TASK BRIEF.
Read the records and gather each line that includes "shows".

::::

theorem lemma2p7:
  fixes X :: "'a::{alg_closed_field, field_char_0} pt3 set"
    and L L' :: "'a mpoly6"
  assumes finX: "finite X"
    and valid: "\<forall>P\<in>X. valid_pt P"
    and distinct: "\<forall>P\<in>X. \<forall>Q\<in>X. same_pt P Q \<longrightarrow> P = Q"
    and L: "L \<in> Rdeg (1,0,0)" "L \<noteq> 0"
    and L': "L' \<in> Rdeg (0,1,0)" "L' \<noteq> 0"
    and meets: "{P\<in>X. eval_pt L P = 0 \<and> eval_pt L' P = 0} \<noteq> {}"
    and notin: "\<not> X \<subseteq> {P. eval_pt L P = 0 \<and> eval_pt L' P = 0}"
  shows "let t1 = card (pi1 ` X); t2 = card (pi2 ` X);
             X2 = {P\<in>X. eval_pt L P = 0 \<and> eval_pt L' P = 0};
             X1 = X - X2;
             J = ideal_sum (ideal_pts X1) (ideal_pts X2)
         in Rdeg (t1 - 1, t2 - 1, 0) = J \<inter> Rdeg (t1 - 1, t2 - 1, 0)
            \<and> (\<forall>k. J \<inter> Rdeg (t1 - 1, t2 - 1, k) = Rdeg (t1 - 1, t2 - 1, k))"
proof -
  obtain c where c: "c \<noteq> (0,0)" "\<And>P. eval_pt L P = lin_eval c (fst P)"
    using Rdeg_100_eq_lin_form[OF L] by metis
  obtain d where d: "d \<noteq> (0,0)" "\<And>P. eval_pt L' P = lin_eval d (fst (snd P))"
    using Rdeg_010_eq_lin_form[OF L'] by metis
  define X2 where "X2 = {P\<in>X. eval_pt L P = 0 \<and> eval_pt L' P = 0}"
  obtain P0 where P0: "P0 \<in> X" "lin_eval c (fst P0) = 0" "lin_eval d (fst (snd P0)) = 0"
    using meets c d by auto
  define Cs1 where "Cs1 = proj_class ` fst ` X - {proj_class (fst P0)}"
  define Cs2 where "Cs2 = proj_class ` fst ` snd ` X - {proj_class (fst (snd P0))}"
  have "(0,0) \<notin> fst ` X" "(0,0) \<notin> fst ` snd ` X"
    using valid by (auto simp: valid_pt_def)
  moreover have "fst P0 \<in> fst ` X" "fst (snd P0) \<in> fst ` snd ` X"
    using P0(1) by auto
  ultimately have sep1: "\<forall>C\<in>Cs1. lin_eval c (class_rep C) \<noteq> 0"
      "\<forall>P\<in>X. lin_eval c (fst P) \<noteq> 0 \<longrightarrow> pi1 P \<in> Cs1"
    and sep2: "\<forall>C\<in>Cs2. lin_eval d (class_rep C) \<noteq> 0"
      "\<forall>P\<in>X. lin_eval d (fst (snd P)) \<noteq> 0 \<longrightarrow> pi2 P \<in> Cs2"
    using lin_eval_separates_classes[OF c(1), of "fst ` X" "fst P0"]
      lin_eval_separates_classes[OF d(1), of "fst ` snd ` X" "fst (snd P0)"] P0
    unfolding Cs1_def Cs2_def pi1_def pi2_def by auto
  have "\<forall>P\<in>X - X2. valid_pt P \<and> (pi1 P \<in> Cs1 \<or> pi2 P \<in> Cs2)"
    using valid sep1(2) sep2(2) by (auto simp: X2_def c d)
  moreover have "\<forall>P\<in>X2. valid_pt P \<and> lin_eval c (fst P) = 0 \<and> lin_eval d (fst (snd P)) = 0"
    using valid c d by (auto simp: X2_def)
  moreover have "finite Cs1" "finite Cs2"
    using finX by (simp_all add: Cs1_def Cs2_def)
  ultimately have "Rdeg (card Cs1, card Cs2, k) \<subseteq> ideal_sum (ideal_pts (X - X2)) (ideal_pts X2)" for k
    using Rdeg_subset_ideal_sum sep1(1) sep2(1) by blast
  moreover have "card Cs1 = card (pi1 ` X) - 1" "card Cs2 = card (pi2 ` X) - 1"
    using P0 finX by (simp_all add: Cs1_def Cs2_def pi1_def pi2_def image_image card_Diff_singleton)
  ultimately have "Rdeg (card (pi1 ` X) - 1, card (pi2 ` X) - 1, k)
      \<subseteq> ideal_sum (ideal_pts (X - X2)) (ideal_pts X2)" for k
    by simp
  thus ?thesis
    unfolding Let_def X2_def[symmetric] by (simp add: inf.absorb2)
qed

::::

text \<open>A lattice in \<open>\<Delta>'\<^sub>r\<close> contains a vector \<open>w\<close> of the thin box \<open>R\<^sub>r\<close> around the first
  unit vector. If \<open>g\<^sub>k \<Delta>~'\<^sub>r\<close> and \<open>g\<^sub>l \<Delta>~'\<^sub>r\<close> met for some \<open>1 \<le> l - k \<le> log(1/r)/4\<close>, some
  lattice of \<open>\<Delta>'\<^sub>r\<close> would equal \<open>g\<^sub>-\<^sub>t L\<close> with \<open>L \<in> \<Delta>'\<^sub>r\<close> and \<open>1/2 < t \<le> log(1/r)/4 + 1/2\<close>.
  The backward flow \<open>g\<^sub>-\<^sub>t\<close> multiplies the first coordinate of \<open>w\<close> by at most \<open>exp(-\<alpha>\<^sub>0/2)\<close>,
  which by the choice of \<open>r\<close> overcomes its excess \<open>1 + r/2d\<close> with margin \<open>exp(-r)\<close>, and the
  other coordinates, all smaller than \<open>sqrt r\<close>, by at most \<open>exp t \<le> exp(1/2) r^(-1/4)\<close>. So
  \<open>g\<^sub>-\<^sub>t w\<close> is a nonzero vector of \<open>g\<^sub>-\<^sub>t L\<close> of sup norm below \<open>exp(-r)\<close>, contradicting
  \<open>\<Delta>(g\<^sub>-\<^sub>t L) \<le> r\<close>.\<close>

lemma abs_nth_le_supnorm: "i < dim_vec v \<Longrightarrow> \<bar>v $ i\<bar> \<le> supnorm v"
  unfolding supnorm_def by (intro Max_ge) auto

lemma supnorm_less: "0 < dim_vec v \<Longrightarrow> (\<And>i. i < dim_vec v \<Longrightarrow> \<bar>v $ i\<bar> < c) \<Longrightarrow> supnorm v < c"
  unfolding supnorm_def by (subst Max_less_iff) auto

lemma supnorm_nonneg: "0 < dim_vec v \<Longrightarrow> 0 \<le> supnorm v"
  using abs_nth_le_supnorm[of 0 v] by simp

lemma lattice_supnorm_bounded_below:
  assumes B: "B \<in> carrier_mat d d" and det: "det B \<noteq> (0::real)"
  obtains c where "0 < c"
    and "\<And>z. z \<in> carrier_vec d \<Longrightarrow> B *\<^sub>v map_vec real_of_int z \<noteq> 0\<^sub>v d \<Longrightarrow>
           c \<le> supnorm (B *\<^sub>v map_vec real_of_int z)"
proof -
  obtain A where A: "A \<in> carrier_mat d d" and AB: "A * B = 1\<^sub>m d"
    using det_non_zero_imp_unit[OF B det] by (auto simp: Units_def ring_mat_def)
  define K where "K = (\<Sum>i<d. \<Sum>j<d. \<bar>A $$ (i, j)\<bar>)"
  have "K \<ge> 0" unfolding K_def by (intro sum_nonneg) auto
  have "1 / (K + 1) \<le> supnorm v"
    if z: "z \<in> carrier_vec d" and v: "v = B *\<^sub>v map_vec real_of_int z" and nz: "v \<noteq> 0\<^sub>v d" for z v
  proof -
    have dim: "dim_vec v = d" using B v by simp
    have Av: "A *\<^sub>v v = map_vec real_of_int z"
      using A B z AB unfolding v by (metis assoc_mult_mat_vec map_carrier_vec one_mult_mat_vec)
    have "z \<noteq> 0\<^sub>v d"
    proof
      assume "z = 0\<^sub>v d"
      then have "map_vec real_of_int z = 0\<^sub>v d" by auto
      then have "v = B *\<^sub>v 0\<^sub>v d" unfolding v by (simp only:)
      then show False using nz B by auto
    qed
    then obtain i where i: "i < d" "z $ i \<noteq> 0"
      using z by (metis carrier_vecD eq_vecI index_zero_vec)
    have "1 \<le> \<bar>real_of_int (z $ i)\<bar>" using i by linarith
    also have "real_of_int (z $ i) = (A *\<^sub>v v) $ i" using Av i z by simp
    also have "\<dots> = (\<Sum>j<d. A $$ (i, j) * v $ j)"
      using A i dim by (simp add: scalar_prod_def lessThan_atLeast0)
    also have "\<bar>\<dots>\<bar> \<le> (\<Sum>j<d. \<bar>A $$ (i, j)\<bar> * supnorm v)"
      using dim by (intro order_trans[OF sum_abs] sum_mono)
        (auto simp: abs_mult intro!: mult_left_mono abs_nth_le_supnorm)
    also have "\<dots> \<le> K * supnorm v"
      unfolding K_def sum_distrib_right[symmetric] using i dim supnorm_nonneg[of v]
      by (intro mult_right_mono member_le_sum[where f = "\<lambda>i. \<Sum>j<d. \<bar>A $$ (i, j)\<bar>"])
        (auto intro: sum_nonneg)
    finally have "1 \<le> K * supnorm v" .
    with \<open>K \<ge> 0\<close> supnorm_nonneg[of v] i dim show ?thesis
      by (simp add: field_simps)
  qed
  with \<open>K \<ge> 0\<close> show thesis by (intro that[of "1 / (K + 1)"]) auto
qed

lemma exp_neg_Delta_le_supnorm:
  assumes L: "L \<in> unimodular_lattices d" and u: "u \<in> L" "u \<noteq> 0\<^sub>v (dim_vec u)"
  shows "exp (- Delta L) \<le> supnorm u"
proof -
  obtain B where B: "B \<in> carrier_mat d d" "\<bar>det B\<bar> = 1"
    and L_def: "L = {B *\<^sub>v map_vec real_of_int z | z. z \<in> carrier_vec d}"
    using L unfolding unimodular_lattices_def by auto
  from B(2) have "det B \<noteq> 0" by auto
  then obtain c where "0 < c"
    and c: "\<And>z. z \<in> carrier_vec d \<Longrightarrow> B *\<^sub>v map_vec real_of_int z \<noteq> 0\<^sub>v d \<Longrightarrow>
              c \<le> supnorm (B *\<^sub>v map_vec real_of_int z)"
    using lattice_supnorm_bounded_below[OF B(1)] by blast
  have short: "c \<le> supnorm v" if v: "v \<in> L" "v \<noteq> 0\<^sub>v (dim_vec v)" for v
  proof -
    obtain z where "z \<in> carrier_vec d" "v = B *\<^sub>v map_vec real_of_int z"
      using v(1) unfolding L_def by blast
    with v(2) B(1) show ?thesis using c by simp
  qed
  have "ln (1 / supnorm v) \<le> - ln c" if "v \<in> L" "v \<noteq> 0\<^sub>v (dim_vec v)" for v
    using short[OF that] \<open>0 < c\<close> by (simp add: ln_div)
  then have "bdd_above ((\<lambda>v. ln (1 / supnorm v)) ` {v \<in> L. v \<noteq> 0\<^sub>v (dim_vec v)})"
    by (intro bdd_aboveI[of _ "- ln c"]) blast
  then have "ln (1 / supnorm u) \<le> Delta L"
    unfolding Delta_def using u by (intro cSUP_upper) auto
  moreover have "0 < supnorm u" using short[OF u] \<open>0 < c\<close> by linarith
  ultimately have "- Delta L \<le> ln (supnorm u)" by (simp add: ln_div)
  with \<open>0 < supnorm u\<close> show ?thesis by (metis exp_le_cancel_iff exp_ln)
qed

::::

EXERCISE ANSWER.
  shows "let t1 = card (pi1 ` X); t2 = card (pi2 ` X);
  shows "exp (- Delta L) \<le> supnorm u"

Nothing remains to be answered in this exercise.